> [Your objective]: For the data below, give again exactly the lines from the one containing "unfolding symD_eq_cbox" through the one containing "(\<lambda>x. 2 *", both ends included, and no others.

> [Records provided]:
text \<open>Sample space of Bob's randomness: \<open>(y, v, w)\<close> with \<open>y = (y_1..y_n)\<close>, \<open>v\<close>,
  and \<open>w = (v_1..v_{n-1})\<close>, all coordinates in \<open>{0..N-1}\<close>, \<open>N = 2^m\<close>.\<close>
definition sp_space :: "nat \<Rightarrow> nat \<Rightarrow> ((nat \<Rightarrow> int) \<times> int \<times> (nat \<Rightarrow> int)) set" where
  "sp_space m n = ({1..n} \<rightarrow>\<^sub>E {0..<2^m}) \<times> {0..<2^m} \<times> ({1..<n} \<rightarrow>\<^sub>E {0..<2^m})"

definition sp_share :: "nat \<Rightarrow> nat \<Rightarrow> (nat \<Rightarrow> int) \<times> int \<times> (nat \<Rightarrow> int) \<Rightarrow> nat \<Rightarrow> int" where
  "sp_share m n \<omega> i = (case \<omega> of (y, v, w) \<Rightarrow>
     if i < n then w i else ((4 * v - 4 * (\<Sum>j\<in>{1..<n}. w j)) mod 2^(m+2)) div 4)"

definition sp_msgs :: "nat \<Rightarrow> nat \<Rightarrow> (nat \<Rightarrow> int) \<Rightarrow> (nat \<Rightarrow> int) \<times> int \<times> (nat \<Rightarrow> int) \<Rightarrow> (nat \<Rightarrow> int)" where
  "sp_msgs m n x \<omega> = (case \<omega> of (y, v, w) \<Rightarrow>
     (\<lambda>i\<in>{1..n}. ((4 * sp_share m n \<omega> i - 2 * y i - 1) mod 2^(m+2)
                    + (2 * x i + 1) * (2 * y i + 1)) mod 2^(m+2)))"

definition sp_bob :: "(nat \<Rightarrow> int) \<times> int \<times> (nat \<Rightarrow> int) \<Rightarrow> (nat \<Rightarrow> int) \<times> int" where
  "sp_bob \<omega> = (case \<omega> of (y, v, w) \<Rightarrow> (y, v))"

definition sp_out :: "nat \<Rightarrow> nat \<Rightarrow> (nat \<Rightarrow> int) \<Rightarrow> (nat \<Rightarrow> int) \<times> int \<times> (nat \<Rightarrow> int) \<Rightarrow> int" where
  "sp_out m n x \<omega> = (case \<omega> of (y, v, w) \<Rightarrow> ((\<Sum>i=1..n. x i * y i) + v) mod 2^m)"

end

theory Submission
  imports Defs
begin
lemma integral_symD_h0CW_power:
  "integral symD (\<lambda>p. h0CW \<Gamma> B p ^ k)
     = 2 * pi * integral {0..1} (\<lambda>x. cos_power_coeff (cw_diag_symbol \<Gamma> x) (cw_offdiag_symbol B x) k 0)"
proof -
  let ?q = "\<lambda>x. cos_power_coeff (cw_diag_symbol \<Gamma> x) (cw_offdiag_symbol B x) k 0"
  have cont_q: "continuous_on {0..1} ?q"
    unfolding cw_diag_symbol_def cw_offdiag_symbol_def
    by (intro continuous_on_cos_power_coeff continuous_intros)
  have "integral symD (\<lambda>p. h0CW \<Gamma> B p ^ k)
      = integral {0..1} (\<lambda>x. integral {-pi..pi} (\<lambda>t. h0CW \<Gamma> B (x, t) ^ k))"
    unfolding symD_eq_cbox
    by (subst integral_prod_continuous) (auto intro!: continuous_intros continuous_on_h0CW simp: cbox_interval)
  also have "\<dots> = integral {0..1} (\<lambda>x. complex_of_real (2 * pi * ?q x))"
    using integral_cos_power_cis[of _ _ k 0] by (simp add: h0CW_eq)
  also have "\<dots> = complex_of_real (integral {0..1} (\<lambda>x. 2 * pi * ?q x))"
    using integrable_continuous_interval[OF continuous_on_mult[OF continuous_on_const cont_q], of "2 * pi"]
    by (intro integral_unique has_integral_linear[OF integrable_integral bounded_linear_of_real, unfolded o_def])
  finally show ?thesis
    by simp
qed

lemma Hbar_moments_tendsto:
  "(\<lambda>N. mat_trace (map_mat complex_of_real (Hbar \<Gamma> B N) ^\<^sub>m k) / of_nat (N + 1))
     \<longlonglongrightarrow> integral symD (\<lambda>p. h0CW \<Gamma> B p ^ k) / (2 * pi)"
proof -
  have "mat_trace (map_mat complex_of_real (Hbar \<Gamma> B N) ^\<^sub>m k) = of_real (mat_trace (Hbar \<Gamma> B N ^\<^sub>m k))" for N
  proof -
    have H: "Hbar \<Gamma> B N \<in> carrier_mat (N + 1) (N + 1)"
      by (simp add: Hbar_def)
    show ?thesis
      unfolding of_real_hom.mat_hom_pow[OF H, symmetric]
      by (rule mat_trace_of_real[of _ "N + 1"]) (use H in simp)
  qed
  then show ?thesis
    using tendsto_of_real[where 'a = complex, OF Hbar_trace_pow_tendsto[of \<Gamma> B k]]
    by (simp add: integral_symD_h0CW_power of_real_divide)
qed
text \<open>Effective resistance between s and t in the electrical network: inject unit current
at t and extract it at s; the potential p (zero off V, grounded p s = 0) satisfies
Kirchhoff's current law (L p)(u) = [u = t] - [u = s] at every vertex u, and the effective
resistance is the potential difference p t - p s.\<close>
definition eff_res :: "nat set \<Rightarrow> wedge multiset \<Rightarrow> nat \<Rightarrow> nat \<Rightarrow> real" where
  "eff_res V E s t =
    (let p = (THE p. (\<forall>u. u \<notin> V \<longrightarrow> p u = 0) \<and> p s = 0 \<and>
                     (\<forall>u\<in>V. (\<Sum>v\<in>V. lap E u v * p v) =
                              (if u = t then 1 else 0) - (if u = s then 1 else 0)))
     in p t - p s)"

definition free_verts :: "nat set \<Rightarrow> nat \<Rightarrow> nat list" where
  "free_verts V s = sorted_list_of_set (V - {s})"

definition dirichlet_lap :: "nat set \<Rightarrow> wedge multiset \<Rightarrow> nat \<Rightarrow> real mat" where
  "dirichlet_lap V E s =
    (let vs = free_verts V s; m = length vs
     in mat m m (\<lambda>(i, j). lap E (vs ! i) (vs ! j)))"

definition ctrl_vec :: "nat set \<Rightarrow> nat \<Rightarrow> nat \<Rightarrow> real mat" where
  "ctrl_vec V s t =
    (let vs = free_verts V s in mat (length vs) 1 (\<lambda>(i, j). if vs ! i = t then 1 else 0))"

definition mat_trace :: "real mat \<Rightarrow> real" where
  "mat_trace A = (\<Sum>i<dim_row A. A $$ (i, i))"

definition H2_sq :: "nat set \<Rightarrow> wedge multiset \<Rightarrow> nat \<Rightarrow> real mat \<Rightarrow> real" where
  "H2_sq V E s B =
    1 / 2 * mat_trace (transpose_mat B * the (mat_inverse (dirichlet_lap V E s)) * B)"

end

theory Submission
  imports Defs "Jordan_Normal_Form.Determinant"
begin

text \<open>For a connected network grounded at s, Kirchhoff's law says that the potential
produced by a unit current injected at t is L_D^{-1} e_t, so the effective resistance
between s and t is the diagonal entry (L_D^{-1})_{tt}. With B = e_t the quadratic form
B^T L_D^{-1} B picks out the same entry, hence H2^2 is half the effective resistance for
every connected network, in particular for every TTSP graph, and equal resistances give
equal H2 norms. L_D is invertible because a potential that is grounded at s and harmonic
elsewhere has zero energy sum c (f a - f b)^2, so it is constant across every edge and
therefore vanishes.\<close>

lemma sum_mset_nonneg_eq_0_iff:
  fixes f :: "'a \<Rightarrow> 'b::ordered_comm_monoid_add"
  assumes "\<And>x. x \<in># M \<Longrightarrow> 0 \<le> f x"
  shows "(\<Sum>x\<in>#M. f x) = 0 \<longleftrightarrow> (\<forall>x\<in>#M. f x = 0)"
proof -
  obtain xs where "M = mset xs" by (metis ex_mset)
  then show ?thesis
    using assms sum_list_nonneg_eq_0_iff[of "map f xs"]
    by (force simp: sum_mset_sum_list simp flip: mset_map)
qed

lemma sum_sum_mset_swap:
  "(\<Sum>u\<in>A. \<Sum>x\<in>#M. g x u) = (\<Sum>x\<in>#M. \<Sum>u\<in>A. g x u)"
  by (induction M) (simp_all add: sum.distrib)

definition lap_apply :: "nat set \<Rightarrow> wedge multiset \<Rightarrow> (nat \<Rightarrow> real) \<Rightarrow> nat \<Rightarrow> real" where
  "lap_apply V E f u = (\<Sum>v\<in>V. lap E u v * f v)"

definition edge_outflow :: "(nat \<Rightarrow> real) \<Rightarrow> wedge \<Rightarrow> nat \<Rightarrow> real" where
  "edge_outflow f = (\<lambda>(a, b, c) u.
     if u = a then c * (f a - f b) else if u = b then c * (f b - f a) else 0)"

lemma lap_apply_diff:
  "lap_apply V E (\<lambda>v. f v - g v) u = lap_apply V E f u - lap_apply V E g u"
  by (simp add: lap_apply_def right_diff_distrib sum_subtractf)

lemma lap_apply_single_edge:
  assumes "finite V" "a \<in> V" "b \<in> V" "a \<noteq> b"
  shows "lap_apply V {#(a, b, c)#} f u = edge_outflow f (a, b, c) u"
proof -
  have "lap {#(a, b, c)#} u v * f v =
     (if v = a then (if u = a then c else if u = b then - c else 0) * f a else 0) +
     (if v = b then (if u = b then c else if u = a then - c else 0) * f b else 0)" for v
    using assms(4) by (auto simp: lap_def)
  then show ?thesis
    using assms by (simp add: lap_apply_def edge_outflow_def sum.distrib algebra_simps)
qed

lemma lap_apply_add_edge:
  assumes "finite V" "a \<in> V" "b \<in> V" "a \<noteq> b"
  shows "lap_apply V (add_mset (a, b, c) E) f u = edge_outflow f (a, b, c) u + lap_apply V E f u"
proof -
  have "lap (add_mset (a, b, c) E) u v = lap {#(a, b, c)#} u v + lap E u v" for v
    by (simp add: lap_def)
  then have "lap_apply V (add_mset (a, b, c) E) f u = lap_apply V {#(a, b, c)#} f u + lap_apply V E f u"
    by (simp add: lap_apply_def sum.distrib distrib_right)
  then show ?thesis
    using lap_apply_single_edge[OF assms] by simp
qed

lemma lap_apply_eq_sum_edge_outflow:
  assumes "finite V" and "\<And>a b c. (a, b, c) \<in># E \<Longrightarrow> a \<in> V \<and> b \<in> V \<and> a \<noteq> b"
  shows "lap_apply V E f u = (\<Sum>e\<in>#E. edge_outflow f e u)"
  using assms(2)
proof (induction E)
  case empty
  have "lap {#} u v = 0" for v
    by (simp add: lap_def)
  then show ?case
    by (simp add: lap_apply_def)
next
  case (add e E)
  obtain a b c where e: "e = (a, b, c)" by (cases e)
  have "a \<in> V" "b \<in> V" "a \<noteq> b"
    using add.prems e by auto
  moreover have "lap_apply V E f u = (\<Sum>e\<in>#E. edge_outflow f e u)"
    using add.prems by (intro add.IH) auto
  ultimately show ?case
    using e by (simp add: lap_apply_add_edge[OF assms(1)])
qed
(* Let $q\in L^\infty(M)$ and $i$ a positive integer. The following are equivalent: (i) for every $u\in L^\infty_*(M)$, the quadratic form $Q^i_u(f)=\int_M uf^2\,dv$ is indefinite on $E_i(q)$; (ii) there exists a finite family of eigenfunctions $f_1,\dots,f_k\in E_i(q)$ such that $\sum_{j=1}^k f_j^2=1$.
   Context: $M$ is a compact connected Riemannian manifold, possibly with boundary, with volume element $dv$ and volume $V(M)$; $\Delta$ is the Laplace–Beltrami operator on functions, with Dirichlet or Neumann boundary conditions if $\partial M\ne\emptyset$ (boundary sufficiently regular, e.g. $C^1$, in the Neumann case). For real-valued $q\in L^\infty(M)$, the eigenvalues of $-\Delta+q$ repeated with multiplicity are $\lambda_1(q)<\lambda_2(q)\le\cdots$ and $E_i(q)$ is the eigenspace of $\lambda_i(q)$. $L^\infty_*(M)=\{u\in L^\infty(M):\int_M u\,dv=0\}$. A quadratic form is indefinite if it is neither positive definite nor negative definite, i.e. there exist nonzero $f,g$ with $Q(f)\le0\le Q(g)$. *)

theory Defs
  imports "HOL-Analysis.Analysis"
begin

definition Linf :: "'a measure \<Rightarrow> ('a \<Rightarrow> real) set" where
  "Linf M = {u. u \<in> borel_measurable M \<and> (\<exists>C. AE x in M. \<bar>u x\<bar> \<le> C)}"

definition Linf_star :: "'a measure \<Rightarrow> ('a \<Rightarrow> real) set" where
  "Linf_star M = {u \<in> Linf M. integral\<^sup>L M u = 0}"

definition quad_form :: "'a measure \<Rightarrow> ('a \<Rightarrow> real) \<Rightarrow> ('a \<Rightarrow> real) \<Rightarrow> real" where
  "quad_form M u f = (\<integral>x. u x * (f x)\<^sup>2 \<partial>M)"

definition nonzero_ae :: "'a measure \<Rightarrow> ('a \<Rightarrow> real) \<Rightarrow> bool" where
  "nonzero_ae M f \<longleftrightarrow> \<not> (AE x in M. f x = 0)"

definition indefinite_on :: "'a measure \<Rightarrow> ('a \<Rightarrow> real) set \<Rightarrow> (('a \<Rightarrow> real) \<Rightarrow> real) \<Rightarrow> bool" where
  "indefinite_on M E Q \<longleftrightarrow>
     (\<exists>f\<in>E. \<exists>g\<in>E. nonzero_ae M f \<and> nonzero_ae M g \<and> Q f \<le> 0 \<and> 0 \<le> Q g)"

definition fspan :: "nat \<Rightarrow> (nat \<Rightarrow> 'a \<Rightarrow> real) \<Rightarrow> ('a \<Rightarrow> real) set" where
  "fspan n b = {(\<lambda>x. \<Sum>j<n. c j * b j x) | c. True}"

end

(*
  If f_1^2 + ... + f_k^2 = 1 a.e., then Q_u(f_1) + ... + Q_u(f_k) is the integral of u, which
  vanishes; hence among the f_j that are not a.e. zero, some have Q_u(f_j) <= 0 and some
  Q_u(f_j) >= 0.

  Conversely, pass to an a.e. linearly independent basis B_1, ..., B_m of the span E. A sum of
  squares of elements of E is already a sum of m such squares, so the sums of squares with
  integral 1 form a convex set C; it is compact since independence bounds the coefficients.
  If 1 is not a sum of squares, the constant 1/V (V the volume) is not in C. Let s be the point
  of C nearest to 1/V in L^2 and w = s - 1/V. Then w has mean 0, is not a.e. zero, and the
  variational inequality at the nearest point gives  int w f^2 >= int w^2 > 0  for every f in E
  with  int f^2 = 1: the form Q_w is positive definite on E, hence not indefinite.
*)
theory Submission
  imports Defs
begin

lemma Linf_measurable: "u \<in> Linf M \<Longrightarrow> u \<in> borel_measurable M"
  by (simp add: Linf_def)

lemma (in finite_measure) integrable_Linf: "u \<in> Linf M \<Longrightarrow> integrable M u"
  unfolding Linf_def using integrable_const_bound[of u] by (auto simp: real_norm_def)

lemma Linf_const: "(\<lambda>x. c) \<in> Linf M"
  by (auto simp: Linf_def)

lemma Linf_add:
  assumes "f \<in> Linf M" "g \<in> Linf M"
  shows "(\<lambda>x. f x + g x) \<in> Linf M"
proof -
  obtain C D where "AE x in M. \<bar>f x\<bar> \<le> C" "AE x in M. \<bar>g x\<bar> \<le> D"
    using assms by (auto simp: Linf_def)
  then have "AE x in M. \<bar>f x + g x\<bar> \<le> C + D"
    by eventually_elim auto
  then show ?thesis
    using assms by (auto simp: Linf_def)
qed

lemma Linf_mult:
  assumes "f \<in> Linf M" "g \<in> Linf M"
  shows "(\<lambda>x. f x * g x) \<in> Linf M"
proof -
  obtain C D where "AE x in M. \<bar>f x\<bar> \<le> C" "AE x in M. \<bar>g x\<bar> \<le> D"
    using assms by (auto simp: Linf_def)
  then have "AE x in M. \<bar>f x * g x\<bar> \<le> C * D"
    by eventually_elim (auto simp: abs_mult intro: mult_mono)
  then show ?thesis
    using assms by (auto simp: Linf_def)
qed

lemma Linf_diff:
  assumes "f \<in> Linf M" "g \<in> Linf M"
  shows "(\<lambda>x. f x - g x) \<in> Linf M"
  using Linf_add[OF assms(1) Linf_mult[OF Linf_const assms(2)], of "- 1"] by simp

lemma Linf_power2: "f \<in> Linf M \<Longrightarrow> (\<lambda>x. (f x)\<^sup>2) \<in> Linf M"
  unfolding power2_eq_square by (rule Linf_mult)

lemma Linf_sum: "(\<And>i. i \<in> I \<Longrightarrow> f i \<in> Linf M) \<Longrightarrow> (\<lambda>x. \<Sum>i\<in>I. f i x) \<in> Linf M"
proof (induction I rule: infinite_finite_induct)
  case (insert i I)
  then have "(\<lambda>x. f i x + (\<Sum>i\<in>I. f i x)) \<in> Linf M"
    by (intro Linf_add) auto
  with insert show ?case
    by simp
qed (auto intro: Linf_const)

lemma Linf_common_bound:
  fixes m :: nat
  assumes "\<And>a. a < m \<Longrightarrow> B a \<in> Linf M"
  shows "\<exists>C. AE x in M. \<forall>a<m. \<bar>B a x\<bar> \<le> C"
  using assms
proof (induction m)
  case (Suc m)
  obtain C where "AE x in M. \<forall>a<m. \<bar>B a x\<bar> \<le> C"
    using Suc by auto
  moreover obtain D where "AE x in M. \<bar>B m x\<bar> \<le> D"
    using Suc.prems[of m] by (auto simp: Linf_def)
  ultimately have "AE x in M. \<forall>a<Suc m. \<bar>B a x\<bar> \<le> max C D"
    by eventually_elim (auto simp: less_Suc_eq)
  then show ?case
    by blast
qed simp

> [Your response]:
    unfolding symD_eq_cbox
    by (subst integral_prod_continuous) (auto intro!: continuous_intros continuous_on_h0CW simp: cbox_interval)
  also have "\<dots> = integral {0..1} (\<lambda>x. complex_of_real (2 * pi * ?q x))"
    using integral_cos_power_cis[of _ _ k 0] by (simp add: h0CW_eq)
  also have "\<dots> = complex_of_real (integral {0..1} (\<lambda>x. 2 * pi * ?q x))"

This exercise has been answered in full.